Quintin Pope comments on Finding the multiple ground truths of CoinRun and image classification

Quintin Pope 8 Dec 2021 21:37 UTC
5 points
Maybe you can train a sequence of reward functions: $r_{1}, . . ., r_{n}$ such that each $r_{i}$ is discouraged from attending to the input features that are most salient to the previous $i - 1$ reward functions?
I.e., you’d train $r_{1}$ normally.
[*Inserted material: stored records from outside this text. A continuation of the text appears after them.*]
lemma arrival_pmf_I1_period_2: "measure_pmf.prob (arrival_pmf (I1 q \<epsilon>) 2) (range Some) = \<epsilon> / (1 - q)"
proof -
  have range_Some: "range Some = UNIV - {None}"
    by (auto simp: notin_range_Some)
  show ?thesis
    unfolding range_Some using measure_pmf.prob_compl[of "{None}" "arrival_pmf (I1 q \<epsilon>) 2"]
    by (simp add: measure_pmf_single pmf_arrival_pmf_I1)
qed

lemma first_period_outcome_I1:
  "map_pmf (\<lambda>x. (snd (snd x), is_active (fst (snd x)) 2 1)) (step_pmf (I1 q \<epsilon>) \<pi> [] (\<lambda>_. Some 0)) =
   bind_pmf (\<pi> [] 1 {1}) (\<lambda>N. if 1 \<in> N then pair_pmf (bernoulli_pmf \<epsilon>) (bernoulli_pmf q)
                                else return_pmf (False, True))"
proof -
  have active: "{v \<in> {1..nV (I1 q \<epsilon>)}. is_active (\<lambda>_. Some 0) (Suc 0) v} = {1}"
    by (auto simp: is_active_def)
  show ?thesis
    unfolding step_pmf_def Let_def list.size(3) arrival_pmf_I1_period_1 bind_return_pmf option.case active
      map_bind_pmf
    by (intro bind_pmf_cong refl)
       (auto simp: Int_absorb1 is_active_def Pi_pmf_singleton bind_map_pmf pair_pmf_def
             intro!: bind_pmf_cong split: option.split simp flip: map_pmf_delay_at_most_1_I1)
qed

lemma first_period_value_I1:
  "measure_pmf.expectation (step_pmf (I1 q \<epsilon>) \<pi> [] (\<lambda>_. Some 0))
     (\<lambda>x. of_bool (snd (snd x)) + \<epsilon> / (1 - q) * of_bool (is_active (fst (snd x)) 2 1)) = \<epsilon> / (1 - q)"
proof -
  let ?c = "\<epsilon> / (1 - q)"
  let ?g = "\<lambda>(b, a). of_bool b + ?c * of_bool a :: real"
  let ?outcome = "\<lambda>N. if 1 \<in> N then pair_pmf (bernoulli_pmf \<epsilon>) (bernoulli_pmf q) else return_pmf (False, True)"
  have c: "0 \<le> ?c" "\<epsilon> + ?c * q = ?c"
    using q \<epsilon> by (auto simp: field_simps)
  have "measure_pmf.expectation (step_pmf (I1 q \<epsilon>) \<pi> [] (\<lambda>_. Some 0))
     (\<lambda>x. of_bool (snd (snd x)) + ?c * of_bool (is_active (fst (snd x)) 2 1)) =
     measure_pmf.expectation (bind_pmf (\<pi> [] 1 {1}) ?outcome) ?g"
    unfolding first_period_outcome_I1[symmetric] by simp
  also have "\<dots> = measure_pmf.expectation (\<pi> [] 1 {1}) (\<lambda>N. measure_pmf.expectation (?outcome N) ?g)"
    by (rule integral_bind_pmf[where B = "1 + ?c"]) (use c in auto)
  also have "\<dots> = measure_pmf.expectation (\<pi> [] 1 {1}) (\<lambda>N. ?c)"
  proof (rule Bochner_Integration.integral_cong)
    have "measure_pmf.expectation (pair_pmf (bernoulli_pmf \<epsilon>) (bernoulli_pmf q)) ?g = \<epsilon> + ?c * q"
      using q \<epsilon> by (intro expectation_pair_bernoulli) auto
    then show "measure_pmf.expectation (?outcome N) ?g = ?c" for N
      using c by auto
  qed simp
  finally show ?thesis
    by simp
qed

lemma expected_completed_I1_le: "expected_completed (I1 q \<epsilon>) \<pi> \<le> \<epsilon> / (1 - q)"
proof -
  let ?c = "\<epsilon> / (1 - q)"
  let ?step = "step_pmf (I1 q \<epsilon>) \<pi> [] (\<lambda>_. Some 0)"
  have c: "0 \<le> ?c"
    using q \<epsilon> by simp
  have second_period: "exp_from (I1 q \<epsilon>) \<pi> (Suc 0) [o'] r' \<le> ?c * of_bool (is_active r' 2 1)" for o' r'
  proof -
    have period_2: "Suc (length [o']) = 2"
      by simp
    show ?thesis
      using exp_from_one_period_le[of "I1 q \<epsilon>" \<pi> "[o']" r', unfolded period_2 arrival_pmf_I1_period_2]
      by (cases "is_active r' 2 1") simp_all
  qed
  have "expected_completed (I1 q \<epsilon>) \<pi> =
      measure_pmf.expectation ?step (\<lambda>x. of_bool (snd (snd x)) + exp_from (I1 q \<epsilon>) \<pi> (Suc 0) [fst x] (fst (snd x)))"
    by (simp add: expected_completed_def numeral_2_eq_2 case_prod_unfold of_bool_def)
  also have "\<dots> \<le> measure_pmf.expectation ?step (\<lambda>x. of_bool (snd (snd x)) + ?c * of_bool (is_active (fst (snd x)) 2 1))"
    using second_period c
    by (intro integral_mono' measure_pmf.integrable_const_bound[where B = "1 + ?c"] AE_pmfI) auto
  also have "\<dots> = ?c"
    by (rule first_period_value_I1)
  finally show ?thesis .
qed

lemma lp_feasible_I1: "lp_feasible (I1 q \<epsilon>) (\<lambda>v s t. if s = 1 then 1 - \<epsilon> / (1 - q) else 1)"
proof -
  have c: "0 \<le> \<epsilon> / (1 - q)" "\<epsilon> / (1 - q) \<le> 1"
    using q \<epsilon> by auto
  have "(1 - c) * (1 - q) + c = 1 - q * (1 - c)" for c :: real
    by (simp add: algebra_simps)
  then have "(1 - \<epsilon> / (1 - q)) * (1 - q) + \<epsilon> / (1 - q) \<le> 1"
    using q c by simp
  moreover have "Gcdf (I1 q \<epsilon>) 0 = 0" "Gcdf (I1 q \<epsilon>) 1 = q"
    by (simp_all add: Gcdf_def)
  ultimately show ?thesis
    using c unfolding lp_feasible_def by (auto simp: numeral_2_eq_2 le_Suc_eq)
qed

lemma LP_I1_ge: "\<epsilon> / (1 - q) * (2 - q - \<epsilon>) \<le> LP (I1 q \<epsilon>)"
proof -
  have "(1 - \<epsilon> / (1 - q)) * \<epsilon> \<le> 1"
    using q \<epsilon> by (intro mult_le_one) auto
  then have "lp_obj (I1 q \<epsilon>) (\<lambda>v s t. if s = 1 then 1 - \<epsilon> / (1 - q) else 1) =
      (1 - \<epsilon> / (1 - q)) * \<epsilon> + \<epsilon> / (1 - q)"
    by (simp add: lp_obj_def numeral_2_eq_2)
  also have "\<dots> = \<epsilon> / (1 - q) * (2 - q - \<epsilon>)"
    using q by (simp add: divide_simps) (simp add: algebra_simps)
  finally show ?thesis
    using lp_obj_le_LP[OF lam_I1_nonneg lp_feasible_I1] by simp
qed

end

lemma inverse_le_limit_plus_slack:
  fixes q \<epsilon> \<delta> :: real
  assumes "0 \<le> q" "0 < \<epsilon>" "\<epsilon> < \<delta>" "\<epsilon> < 1 - q"
  shows "1 / (2 - q - \<epsilon>) \<le> 1 / (2 - q) + \<delta>"
proof -
  have denominators: "1 \<le> 2 - q" "1 \<le> 2 - q - \<epsilon>"
    using assms by auto
  then have "1 * 1 \<le> (2 - q) * (2 - q - \<epsilon>)"
    by (intro mult_mono) auto
  have "1 / (2 - q - \<epsilon>) - 1 / (2 - q) = \<epsilon> / ((2 - q) * (2 - q - \<epsilon>))"
    using denominators by (simp add: field_simps)
  also have "\<dots> \<le> \<epsilon>"
    using \<open>1 * 1 \<le> (2 - q) * (2 - q - \<epsilon>)\<close> assms(2) by (simp add: divide_le_eq)
  finally show ?thesis
    using assms(3) by simp
qed

theorem lemma4:
  fixes q :: real
  assumes "0 \<le> q" and "q < 1"
  shows "\<forall>\<delta>>0. \<exists>\<epsilon>0>0. \<forall>\<epsilon>. 0 < \<epsilon> \<and> \<epsilon> < \<epsilon>0 \<and> \<epsilon> < 1 - q \<longrightarrow>
           (\<forall>\<pi>. expected_completed (I1 q \<epsilon>) \<pi> \<le> (1 / (2 - q) + \<delta>) * LP (I1 q \<epsilon>))"
proof (intro allI impI)
  fix \<delta> :: real
  assume "0 < \<delta>"
  show "\<exists>\<epsilon>0>0. \<forall>\<epsilon>. 0 < \<epsilon> \<and> \<epsilon> < \<epsilon>0 \<and> \<epsilon> < 1 - q \<longrightarrow>
           (\<forall>\<pi>. expected_completed (I1 q \<epsilon>) \<pi> \<le> (1 / (2 - q) + \<delta>) * LP (I1 q \<epsilon>))"
  proof (intro exI[of _ \<delta>] conjI allI impI)
    fix \<epsilon> :: real and \<pi> :: policy
    assume \<epsilon>: "0 < \<epsilon> \<and> \<epsilon> < \<delta> \<and> \<epsilon> < 1 - q"
    let ?c = "\<epsilon> / (1 - q)"
    have "expected_completed (I1 q \<epsilon>) \<pi> \<le> ?c"
      using expected_completed_I1_le assms \<epsilon> by blast
    also have "\<dots> = 1 / (2 - q - \<epsilon>) * (?c * (2 - q - \<epsilon>))"
      using \<epsilon> by simp
    also have "\<dots> \<le> (1 / (2 - q) + \<delta>) * LP (I1 q \<epsilon>)"
      using inverse_le_limit_plus_slack[of q \<epsilon> \<delta>] LP_I1_ge[of q \<epsilon>] assms \<epsilon> \<open>0 < \<delta>\<close>
      by (intro mult_mono) auto
    finally show "expected_completed (I1 q \<epsilon>) \<pi> \<le> (1 / (2 - q) + \<delta>) * LP (I1 q \<epsilon>)" .
  qed (rule \<open>0 < \<delta>\<close>)
qed

end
Then, while training $r_{2}$ , you’d use gradient saliency (or similar methods) to find which regions of the input are most salient for $r_{1}$ and $r_{2}$ , then penalize $r_{2}$ for sharing salient features with $r_{1}$ . Similarly, $r_{i}$ would be penalized w.r.t. saliency maps from ${r_{j}}_{j < i}$ .
Note that for gradient saliency specifically, you can optimize directly for the penalty term with SGD because differentiation is itself a differentiable operation. You can have a loss term like $\sum | r_{1 input saliency} - r_{2 input saliency} |$ and compute its gradient with respect to model parameters (Some notes on doing this with PyTorch). Note that some gradient saliency methods seem to fail basic sanity checks.
Non-differentiable saliency methods like Shapley values can still serve as an optimization target, but you’ll need to use reinforcement learning or other non-gradient optimization approaches. That would probably be very hard.
- gwern 8 Dec 2021 22:21 UTC
  13 points
  Parent
  You can also steer optimization to find ‘diverse’ models, like Ridge Rider: https://arxiv.org/abs/2011.06505
  
  I’m not sure how necessary that is. If you want diverse good solutions, that sounds a lot like ‘sampling from the posterior’, and we know thanks to Google burning a huge number of TPU-hours on true HMC-sampling from Bayesian neural networks that ‘deep ensembles’ (ie training multiple random initializations from scratch on the same dataset) actually provide you a pretty good sample from the posterior. If there are lots of equally decent ways to classify an image expressible in a NN, then the deep ensemble will sample from them (and that is presumably why ensembling improves: because they all are doing something different, instead of weighting the same features the same amount). If that’s not adequate, it’d be good to think about what one really wants instead, and how to build that in (maybe one wants to do data augmentation to erase color from one dataset/model and shapes from another, to encourage a ventral-dorsal split or something).
  - Stuart_Armstrong 9 Dec 2021 16:29 UTC
    2 points
    Parent
    Thanks! Very useful feedback.